Now years after high school cross-x I have found that debate and even impromptu rhetorical exercise has became increasingly an opportunity for wonder and confusion. I completely understand that you and seven billion others are likely to see things differently than I do, in fact, I would bet on this likelihood. I’ve also found that, because there is largely no organization around these sorts of disagreements, the lack of rules ultimately makes the whole affair useless.
Frankly, before you learn even the least bit about rhetoric, you should read a disclaimer stating firmly and without equivocation that you’re signing up for a lifetime of disappointment. Unless you’ve got a pHd and work at a think-tank no argument or debate will ever again be as rigorous, well structured, precise and meaningful as what you’re likely to get at the standard high school invitational. You may make a habit of reading and learning about things that interest you around what would appear to be a reasonable resolve, but ultimately, you’re going to spend most of your time after high school listing off the logical fallacies the opposition will rely on.
Ultimately, in my most recent disappointment for a debate, I ended up withdrawing all comments and resigning any opposition because, per my oppositions only valid point, there was no point to the exercise. His argument was so poorly formed and so rife with comments about the potential state of my mind that I felt like I was facing a sand blaster with a broken throttle. I need to renew my resolve to avoid this kind of social contact with friends and, and in this case, strangers. It does me no good and usually leaves me stuck in thought loops which just eat away at me.
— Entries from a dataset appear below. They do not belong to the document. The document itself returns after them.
(* Let $(\Xi,\mathcal{F},P)$ be a probability space and $\{y_t\}_{t\in\mathbb{Z}}$ a real, mean-zero, covariance-stationary series on it; put $\mathcal{F}_t=\sigma(y_s,\,s\le t)$. Assume (D1) $P\{y_1^2>0\}=1$; (D2) $y_t=\sum_{s=0}^{\infty}\kappa_s\epsilon_{t-s}$ with $\kappa_0=1$, $\sum_s|\kappa_s|<\infty$, $\kappa(z)=\sum_s\kappa_s z^s\neq 0$ for $|z|\le 1$, where $\{\epsilon_t\}$ is a martingale difference sequence with respect to $\{\mathcal{F}_t\}$; (D3) $E[\epsilon_t^2\mid\mathcal{F}_{t-1}]=\sigma_\epsilon^2$ a.s. (constant); (D4) $\sup_t|\epsilon_t|\le K<\infty$ a.s. Fix $\beta\in[0,1]$, let $\theta_t,\bar P_t,e_t,x_t,\phi_t,z_t$ be generated by the recursive algorithm described in the context, and assume there are random variables $k^*$ (integer, $0\le k^*<\infty$) and $K^*\in(0,1)$ such that a.s. $|\theta_{t+k^*}|\le K^*$ for all $t\ge1$. Then: (a) $\liminf_{t\to\infty}t^{-1}\sum_{s=1}^t\phi_s^2\ge\sigma_\epsilon^2$ a.s., and there is a random $K(\xi)<\infty$ a.s. with $(t^{-1}\sum_{s=1}^t\phi_s^2)^{-1}\le K(\xi)$ for all $t\ge1$; thus $\bar P_t^{-1}$ is bounded a.s. (b) For $t\ge1$, $e_t=\sum_{j=0}^\infty\kappa_j^e(t)\epsilon_{t-j}$, $\phi_t=\sum_{j=0}^\infty\kappa_j^\phi(t)\epsilon_{t-j}$, $x_t=\sum_{j=0}^\infty\kappa_j^x(t)\epsilon_{t-j}$, $z_t=\sum_{j=0}^\infty\kappa_j^z(t)\epsilon_{t-j}$, where for every $j$ the coefficients $\kappa_j^e(t),\kappa_j^\phi(t),\kappa_j^x(t),\kappa_j^z(t)$ are $\mathcal{F}_{t-1}$-measurable, and there exist (random) $\tilde\kappa_j$ with $\max\{|\kappa_j^e(t)|,|\kappa_j^\phi(t)|,|\kappa_j^x(t)|,|\kappa_j^z(t)|\}\le\tilde\kappa_j$ for all $t,j$ and $\sum_j\tilde\kappa_j<\infty$ a.s. Hence the sequences $e_t,\phi_t,x_t,z_t$ are uniformly bounded a.s. (c) $\theta_t-\theta_{t-1}\to0$ almost surely.
   Context: Recursive algorithm: set $\theta_1=0$, $\bar P_1=0$, $e_1=y_1$, $x_1=y_1$, $\phi_1=x_1$, $z_1=e_1$, and for $t\ge2$: $x_t=y_t-\beta\theta_{t-1}x_{t-1}$; $e_t=y_t-\theta_{t-1}e_{t-1}$; $\phi_t=x_t-\theta_{t-1}\phi_{t-1}$; $\bar P_t=\frac1t\sum_{s=1}^{t-1}\phi_s^2$; $\theta_t=\theta_{t-1}+\bar P_t^{-1}\frac1t\phi_{t-1}e_t$; $z_t=e_t+\theta_{t-1}\phi_{t-1}$. *)

theory Defs
  imports "HOL-Probability.Probability"
begin

definition nat_filt :: "'a measure \<Rightarrow> (int \<Rightarrow> 'a \<Rightarrow> real) \<Rightarrow> int \<Rightarrow> 'a measure" where
  "nat_filt M y t = sigma (space M) (\<Union>s\<in>{..t}. {y s -` A \<inter> space M | A. A \<in> sets borel})"

text \<open>The recursive algorithm, run on a path Y (only Y 1, Y 2, ... are used).
  State at time t = n + 1 is (theta_t, e_t, x_t, phi_t, sum_{s=1}^t phi_s^2).\<close>
fun alg :: "real \<Rightarrow> (nat \<Rightarrow> real) \<Rightarrow> nat \<Rightarrow> real \<times> real \<times> real \<times> real \<times> real" where
  "alg \<beta> Y 0 = (0, Y 1, Y 1, Y 1, (Y 1)\<^sup>2)"
| "alg \<beta> Y (Suc n) =
     (let t = n + 2; (th, ep, xp, ph, S) = alg \<beta> Y n;
          x = Y t - \<beta> * th * xp;
          e = Y t - th * ep;
          phi = x - th * ph;
          Pb = S / real t;
          th' = th + inverse Pb * (1 / real t) * ph * e
      in (th', e, x, phi, S + phi\<^sup>2))"

text \<open>Accessors for t >= 1 (index t refers to time t; values at t = 0 are unused).\<close>
definition alg_theta :: "real \<Rightarrow> (nat \<Rightarrow> real) \<Rightarrow> nat \<Rightarrow> real" where
  "alg_theta \<beta> Y t = fst (alg \<beta> Y (t - 1))"
definition alg_e :: "real \<Rightarrow> (nat \<Rightarrow> real) \<Rightarrow> nat \<Rightarrow> real" where
  "alg_e \<beta> Y t = fst (snd (alg \<beta> Y (t - 1)))"
definition alg_x :: "real \<Rightarrow> (nat \<Rightarrow> real) \<Rightarrow> nat \<Rightarrow> real" where
  "alg_x \<beta> Y t = fst (snd (snd (alg \<beta> Y (t - 1))))"
definition alg_phi :: "real \<Rightarrow> (nat \<Rightarrow> real) \<Rightarrow> nat \<Rightarrow> real" where
  "alg_phi \<beta> Y t = fst (snd (snd (snd (alg \<beta> Y (t - 1)))))"
definition alg_Pbar :: "real \<Rightarrow> (nat \<Rightarrow> real) \<Rightarrow> nat \<Rightarrow> real" where
  "alg_Pbar \<beta> Y t = (1 / real t) * (\<Sum>s=1..<t. (alg_phi \<beta> Y s)\<^sup>2)"
definition alg_z :: "real \<Rightarrow> (nat \<Rightarrow> real) \<Rightarrow> nat \<Rightarrow> real" where
  "alg_z \<beta> Y t = (if t \<le> 1 then alg_e \<beta> Y t
                   else alg_e \<beta> Y t + alg_theta \<beta> Y (t - 1) * alg_phi \<beta> Y (t - 1))"

end

theory Submission
  imports Defs "HOL-Library.Discrete_Functions"
begin

text \<open>Along a fixed path, e, x, \<phi> and z arise from y through time-varying linear filters whose
  gains are the \<theta>_s. Composing them with y_t = \<Sum>_j \<kappa>_j \<epsilon>_{t-j} expresses each of them as a series
  in the innovations whose coefficients are built from \<kappa> and the past gains, hence are
  F_{t-1}-measurable. Once |\<theta>_s| \<le> K* < 1 for s > k*, these coefficients are dominated by the
  twofold convolution of |\<kappa>| with the geometric sequence (K*)^j, a summable sequence, up to a
  random factor paying for the finitely many earlier gains; with |\<epsilon>| \<le> K this bounds all four
  processes (part (b)).

  The leading coefficient of \<phi>_t is \<kappa>_0 = 1, so \<phi>_t = \<epsilon>_t + w_t with w_t predictable and
  bounded. A strong law for bounded martingale differences (Chebyshev along the times n^2,
  Borel-Cantelli, and interpolation between consecutive squares) gives
  t^{-1} \<Sum>_{s\<le>t} (\<epsilon>_s^2 - \<sigma>^2) \<rightarrow> 0 and t^{-1} \<Sum>_{s\<le>t} w_s \<epsilon>_s \<rightarrow> 0, whence
  liminf t^{-1} \<Sum>_{s\<le>t} \<phi>_s^2 \<ge> \<sigma>^2; and \<sigma> \<noteq> 0, since otherwise y_1 = 0 almost surely,
  contradicting (D1) (part (a)). Finally \<theta>_{t+1} - \<theta>_t = \<phi>_t e_{t+1} / \<Sum>_{s\<le>t} \<phi>_s^2 = O(1/t)
  (part (c)).\<close>

definition alg_sum_phi_sq :: "real \<Rightarrow> (nat \<Rightarrow> real) \<Rightarrow> nat \<Rightarrow> real" where
  "alg_sum_phi_sq \<beta> Y t = snd (snd (snd (snd (alg \<beta> Y (t - 1)))))"

lemma alg_initial:
  "alg_theta \<beta> Y 0 = 0" "alg_theta \<beta> Y (Suc 0) = 0"
  "alg_e \<beta> Y (Suc 0) = Y 1" "alg_x \<beta> Y (Suc 0) = Y 1" "alg_phi \<beta> Y (Suc 0) = Y 1"
  "alg_sum_phi_sq \<beta> Y (Suc 0) = (Y 1)\<^sup>2"
  by (simp_all add: alg_theta_def alg_e_def alg_x_def alg_phi_def alg_sum_phi_sq_def)

lemma alg_step:
  "alg_e \<beta> Y (Suc (Suc n)) = Y (Suc (Suc n)) - alg_theta \<beta> Y (Suc n) * alg_e \<beta> Y (Suc n)"
  "alg_x \<beta> Y (Suc (Suc n)) = Y (Suc (Suc n)) - \<beta> * alg_theta \<beta> Y (Suc n) * alg_x \<beta> Y (Suc n)"
  "alg_phi \<beta> Y (Suc (Suc n)) = alg_x \<beta> Y (Suc (Suc n)) - alg_theta \<beta> Y (Suc n) * alg_phi \<beta> Y (Suc n)"
  "alg_sum_phi_sq \<beta> Y (Suc (Suc n)) = alg_sum_phi_sq \<beta> Y (Suc n) + (alg_phi \<beta> Y (Suc (Suc n)))\<^sup>2"
  "alg_theta \<beta> Y (Suc (Suc n)) = alg_theta \<beta> Y (Suc n)
     + alg_phi \<beta> Y (Suc n) * alg_e \<beta> Y (Suc (Suc n)) / alg_sum_phi_sq \<beta> Y (Suc n)"
  by (simp_all add: alg_theta_def alg_e_def alg_x_def alg_phi_def alg_sum_phi_sq_def Let_def
      numeral_2_eq_2 field_simps split: prod.splits)

lemma alg_sum_phi_sq_eq_sum: "alg_sum_phi_sq \<beta> Y (Suc n) = (\<Sum>s=1..Suc n. (alg_phi \<beta> Y s)\<^sup>2)"
  by (induction n) (simp_all add: alg_initial alg_step)

lemma alg_theta_increment:
  assumes "1 \<le> t"
  shows "alg_theta \<beta> Y (Suc t) - alg_theta \<beta> Y t
    = alg_phi \<beta> Y t * alg_e \<beta> Y (Suc t) / (\<Sum>s=1..t. (alg_phi \<beta> Y s)\<^sup>2)"
proof -
  obtain n where "t = Suc n" using assms by (cases t) auto
  then show ?thesis by (simp add: alg_step(5) alg_sum_phi_sq_eq_sum)
qed

section \<open>Moving-average representation\<close>

definition lag :: "(nat \<Rightarrow> real) \<Rightarrow> nat \<Rightarrow> real" where
  "lag f j = (case j of 0 \<Rightarrow> 0 | Suc i \<Rightarrow> f i)"

lemma lag_simps [simp]: "lag f 0 = 0" "lag f (Suc i) = f i"
  by (simp_all add: lag_def)

lemma sums_lag:
  assumes "(\<lambda>j. f j * u (int t - int j)) sums v"
  shows "(\<lambda>j. lag f j * u (int (Suc t) - int j)) sums v"
  using assms sums_Suc_iff[of "\<lambda>j. lag f j * u (int (Suc t) - int j)" v] by simp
Bah, don’t give up. You have a vocabulary, use it. 🙂 Wonder and confusion probably stems from ignorance of the lesser used words in the English language. You hit on a concern of mine–we seem to be trending towards letting language atrophy, opting to dumb things down because we’re too lazy to look up words we don’t understand or remember, settling for what comes to mind the quickest and not what really reflects what you intend.
Oh I’m not giving up, just trying to avoid useless exchanges. Vocabulary is the framework of the minds; a big vocabulary is an expansive mind. Campbell’s monkeys make six basic sounds and have about 20 words, their shared experience is bound by this limitation. I’ve been told, more than once in my life, that I use ten dollar words where a nickel one word will do, but I’m certainly over apologizing for this as if it were some sort of character flaw. If others are too concerned with the norm to see this as a blessing that’s too bad for them.